Since Train and Validation come from the same dataframe, and predicted probs ALL become 1, while preds on train seem normal, I suspect there is some error with the library.

But at the same time, the tabular.ipynb example form github works just fine. So it must be something about my code/dataset that could cause this problem.

valid_idx = sorted(df.sample(frac=0.2, random_state=SEED).index)
test = TabularList.from_df(chunk.copy(), path='.', cat_names=cat_names, cont_names=cont_names)

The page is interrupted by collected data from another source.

lemma sum_card_filter_swap:
  assumes "finite A" "finite B"
  shows "(\<Sum>a\<in>A. card {b\<in>B. R a b}) = (\<Sum>b\<in>B. card {a\<in>A. R a b})"
proof -
  have "(\<Sum>a\<in>A. card {b\<in>B. R a b}) = (\<Sum>a\<in>A. \<Sum>b\<in>B. if R a b then 1 else 0)"
    using assms by (simp add: sum.If_cases Int_def conj_commute)
  also have "\<dots> = (\<Sum>b\<in>B. \<Sum>a\<in>A. if R a b then 1 else 0)" by (rule sum.swap)
  also have "\<dots> = (\<Sum>b\<in>B. card {a\<in>A. R a b})"
    using assms by (simp add: sum.If_cases Int_def conj_commute)
  finally show ?thesis .
qed

lemma card_graphs_with_independent_parts:
  assumes "k > 0" "P \<in> equipartitions n k"
  shows "card {E. (E \<subseteq> all_edges n \<and> card E = m) \<and> (\<forall>i<k. independent_in E (P i))}
       = ((n choose 2) - inner_pairs n k) choose m"
proof -
  have P: "P \<in> sized_partitions {0..<n} k (equipart_size n k)"
    using assms equipartitions_eq_sized_partitions by blast
  have "{E. (E \<subseteq> all_edges n \<and> card E = m) \<and> (\<forall>i<k. independent_in E (P i))}
      = {E. E \<subseteq> all_edges n - inner_edges P k \<and> card E = m}"
    using independent_parts_iff_disjoint_inner_edges by blast
  moreover have "card (all_edges n - inner_edges P k) = (n choose 2) - inner_pairs n k"
    using card_Diff_subset[OF finite_subset[OF inner_edges_subset_all_edges[OF P] finite_all_edges]
        inner_edges_subset_all_edges[OF P]]
    by (simp add: card_all_edges card_inner_edges[OF P] inner_pairs_def)
  ultimately show ?thesis
    using n_subsets[of "all_edges n - inner_edges P k" m] finite_all_edges by simp
qed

src = TabularList.from_df(df.copy(), path='.', cat_names=cat_names, cont_names=cont_names, procs=procs) \
                           .split_by_idx(valid_idx) \
                           .label_from_df(cols=dep_var) \
                           .add_test(test)

original_data = src.databunch()

learn = tabular_learner(original_data, layers=[300, 100, 50], emb_szs=emb_szs, metrics=[rocauc_v2()], ps=[0.3, 0.3, 0.1], emb_drop=0.3)

learn.lr_find()
learn.recorder.plot()

Screenshot%20from%202019-01-07%2020-22-09

LR = 1e-03
learn.data.batch_size = 64

learn.fit_one_cycle(cyc_len=3, max_lr = LR)
learn.recorder.plot_losses()

Screenshot%20from%202019-01-07%2020-21-05

Screenshot%20from%202019-01-07%2023-03-59
Screenshot%20from%202019-01-07%2023-05-17

I am trying to debug this problem.

All I’ve got so far, is that for some reason, all batches have these large predictions in out variable inside the loss_batch() function of basic_train.py

So let’s investigate where out gets these values.

See line 19,

out = model(*xb)
Screenshot%20from%202019-01-07%2022-14-59

When comparing xb and yb in cases where loss was normal (train) and extremely high (validation) , I found this:

typical xb[1] stats for one batch with normal loss:

ipdb>  !xb[1].mean(), xb[1].min(), xb[1].max()
(tensor(-0.0181), tensor(-5.9664), tensor(5.7139))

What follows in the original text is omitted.